Your objective: Set the data down once more, in full and exactly.

Records contained in a dataset:
------------------------------------------------------------
(* Let $\mathbf{V}_1,\dots,\mathbf{V}_L\in\mathbb{R}^{1\times d}$ be value vectors and $\mathbf{y}$ a target embedding. Let $H$ be the Hessian of the objective of the linear coding problem $\min_\alpha\|\sum_{j=1}^L\alpha_j\mathbf{V}_j-\mathbf{y}\|_2^2$ (subject to $\sum_j\alpha_j=1,\ \alpha_j>0$), and let $\bar H$ be the Hessian of the objective of the group coding problem $\min_{\bar\alpha}\|\sum_{g=1}^k\frac{\bar\alpha_g}{|G_g|}\sum_{j\in G_g}\mathbf{V}_j-\mathbf{y}\|_2^2$ (subject to $\sum_g\bar\alpha_g=1,\ \bar\alpha_g>0$), where $G_1,\dots,G_k$ partition $\{1,\dots,L\}$ and each group has size $|G_g|=m$. For a matrix $A$ let $\kappa(A)=\lambda_{\max}(A)/\lambda_{\min}(A)$ be its condition number, with $\lambda_{\max},\lambda_{\min}$ its maximum and minimum eigenvalues. If $\lambda_{\min}(H)>0$ and $\lambda_{\min}(\bar H)>0$, then $\kappa(\bar H)\le\kappa(H)$. *)

theory Defs
  imports "HOL-Analysis.Analysis"
begin

definition hessian :: "(real^'n \<Rightarrow> real) \<Rightarrow> real^'n \<Rightarrow> real^'n^'n" where
  "hessian f x = (\<chi> i j. deriv (\<lambda>t. deriv (\<lambda>s. f (x + t *\<^sub>R axis i 1 + s *\<^sub>R axis j 1)) 0) 0)"

definition eigvals :: "real^'n^'n \<Rightarrow> real set" where
  "eigvals A = {c. \<exists>v. v \<noteq> 0 \<and> A *v v = c *\<^sub>R v}"

definition lambda_max :: "real^'n^'n \<Rightarrow> real" where
  "lambda_max A = Max (eigvals A)"

definition lambda_min :: "real^'n^'n \<Rightarrow> real" where
  "lambda_min A = Min (eigvals A)"

definition cond_num :: "real^'n^'n \<Rightarrow> real" where
  "cond_num A = lambda_max A / lambda_min A"

definition lin_obj :: "('L::finite \<Rightarrow> real^'d) \<Rightarrow> real^'d \<Rightarrow> real^'L \<Rightarrow> real" where
  "lin_obj V y \<alpha> = (norm ((\<Sum>j\<in>UNIV. (\<alpha> $ j) *\<^sub>R V j) - y))\<^sup>2"

definition grp_obj :: "('L::finite \<Rightarrow> real^'d) \<Rightarrow> real^'d \<Rightarrow> ('L \<Rightarrow> 'k::finite) \<Rightarrow> real^'k \<Rightarrow> real" where
  "grp_obj V y grp \<beta> =
     (norm ((\<Sum>g\<in>UNIV. (\<beta> $ g / real (card {j. grp j = g})) *\<^sub>R (\<Sum>j\<in>{j. grp j = g}. V j)) - y))\<^sup>2"

end

theory Submission
  imports Defs
begin

text \<open>Both objectives are quadratic, so their Hessians are constant: \<open>H = 2 G(V)\<close> and
  \<open>H' = 2 G(W)\<close>, where \<open>G\<close> is the Gram matrix and \<open>W g\<close> is the mean of the value vectors
  of group \<open>g\<close>.
  Spreading group weights uniformly over the \<open>m\<close> members of each group,
  \<open>z j = x (grp j) / m\<close>, gives \<open>x \<bullet> H' x = z \<bullet> H z\<close> and \<open>|z|\<^sup>2 = |x|\<^sup>2 / m\<close>.
  As the extreme eigenvalues of a symmetric matrix are the extreme values of its
  Rayleigh quotient, \<open>lambda_max H' \<le> lambda_max H / m\<close> and
  \<open>lambda_min H' \<ge> lambda_min H / m\<close>; the factors \<open>1/m\<close> cancel in the condition number.\<close>

lemma linear_coeff_zero_if_nonneg_quadratic:
  fixes a b :: real
  assumes "\<And>t. 0 \<le> t * b + t\<^sup>2 * a"
  shows "b = 0"
proof -
  define c where "c = \<bar>a\<bar> + 1"
  have "c > 0" "a \<le> c - 1" by (auto simp: c_def)
  define t where "t = - b / c"
  have "0 \<le> t * b + t\<^sup>2 * (c - 1)"
    using assms[of t] mult_left_mono[OF \<open>a \<le> c - 1\<close>, of "t\<^sup>2"] by simp
  also have "\<dots> = - (b / c)\<^sup>2"
    using \<open>c > 0\<close> unfolding t_def by (simp add: field_simps power2_eq_square)
  finally show ?thesis using \<open>c > 0\<close> by simp
qed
------------------------------------------------------------
Exercise answer:
(* Let $\mathbf{V}_1,\dots,\mathbf{V}_L\in\mathbb{R}^{1\times d}$ be value vectors and $\mathbf{y}$ a target embedding. Let $H$ be the Hessian of the objective of the linear coding problem $\min_\alpha\|\sum_{j=1}^L\alpha_j\mathbf{V}_j-\mathbf{y}\|_2^2$ (subject to $\sum_j\alpha_j=1,\ \alpha_j>0$), and let $\bar H$ be the Hessian of the objective of the group coding problem $\min_{\bar\alpha}\|\sum_{g=1}^k\frac{\bar\alpha_g}{|G_g|}\sum_{j\in G_g}\mathbf{V}_j-\mathbf{y}\|_2^2$ (subject to $\sum_g\bar\alpha_g=1,\ \bar\alpha_g>0$), where $G_1,\dots,G_k$ partition $\{1,\dots,L\}$ and each group has size $|G_g|=m$. For a matrix $A$ let $\kappa(A)=\lambda_{\max}(A)/\lambda_{\min}(A)$ be its condition number, with $\lambda_{\max},\lambda_{\min}$ its maximum and minimum eigenvalues. If $\lambda_{\min}(H)>0$ and $\lambda_{\min}(\bar H)>0$, then $\kappa(\bar H)\le\kappa(H)$. *)

theory Defs
  imports "HOL-Analysis.Analysis"
begin

definition hessian :: "(real^'n \<Rightarrow> real) \<Rightarrow> real^'n \<Rightarrow> real^'n^'n" where
  "hessian f x = (\<chi> i j. deriv (\<lambda>t. deriv (\<lambda>s. f (x + t *\<^sub>R axis i 1 + s *\<^sub>R axis j 1)) 0) 0)"

definition eigvals :: "real^'n^'n \<Rightarrow> real set" where
  "eigvals A = {c. \<exists>v. v \<noteq> 0 \<and> A *v v = c *\<^sub>R v}"

definition lambda_max :: "real^'n^'n \<Rightarrow> real" where
  "lambda_max A = Max (eigvals A)"

definition lambda_min :: "real^'n^'n \<Rightarrow> real" where
  "lambda_min A = Min (eigvals A)"

definition cond_num :: "real^'n^'n \<Rightarrow> real" where
  "cond_num A = lambda_max A / lambda_min A"

definition lin_obj :: "('L::finite \<Rightarrow> real^'d) \<Rightarrow> real^'d \<Rightarrow> real^'L \<Rightarrow> real" where
  "lin_obj V y \<alpha> = (norm ((\<Sum>j\<in>UNIV. (\<alpha> $ j) *\<^sub>R V j) - y))\<^sup>2"

definition grp_obj :: "('L::finite \<Rightarrow> real^'d) \<Rightarrow> real^'d \<Rightarrow> ('L \<Rightarrow> 'k::finite) \<Rightarrow> real^'k \<Rightarrow> real" where
  "grp_obj V y grp \<beta> =
     (norm ((\<Sum>g\<in>UNIV. (\<beta> $ g / real (card {j. grp j = g})) *\<^sub>R (\<Sum>j\<in>{j. grp j = g}. V j)) - y))\<^sup>2"

end

theory Submission
  imports Defs
begin

text \<open>Both objectives are quadratic, so their Hessians are constant: \<open>H = 2 G(V)\<close> and
  \<open>H' = 2 G(W)\<close>, where \<open>G\<close> is the Gram matrix and \<open>W g\<close> is the mean of the value vectors
  of group \<open>g\<close>.
  Spreading group weights uniformly over the \<open>m\<close> members of each group,
  \<open>z j = x (grp j) / m\<close>, gives \<open>x \<bullet> H' x = z \<bullet> H z\<close> and \<open>|z|\<^sup>2 = |x|\<^sup>2 / m\<close>.
  As the extreme eigenvalues of a symmetric matrix are the extreme values of its
  Rayleigh quotient, \<open>lambda_max H' \<le> lambda_max H / m\<close> and
  \<open>lambda_min H' \<ge> lambda_min H / m\<close>; the factors \<open>1/m\<close> cancel in the condition number.\<close>

lemma linear_coeff_zero_if_nonneg_quadratic:
  fixes a b :: real
  assumes "\<And>t. 0 \<le> t * b + t\<^sup>2 * a"
  shows "b = 0"
proof -
  define c where "c = \<bar>a\<bar> + 1"
  have "c > 0" "a \<le> c - 1" by (auto simp: c_def)
  define t where "t = - b / c"
  have "0 \<le> t * b + t\<^sup>2 * (c - 1)"
    using assms[of t] mult_left_mono[OF \<open>a \<le> c - 1\<close>, of "t\<^sup>2"] by simp
  also have "\<dots> = - (b / c)\<^sup>2"
    using \<open>c > 0\<close> unfolding t_def by (simp add: field_simps power2_eq_square)
  finally show ?thesis using \<open>c > 0\<close> by simp
qed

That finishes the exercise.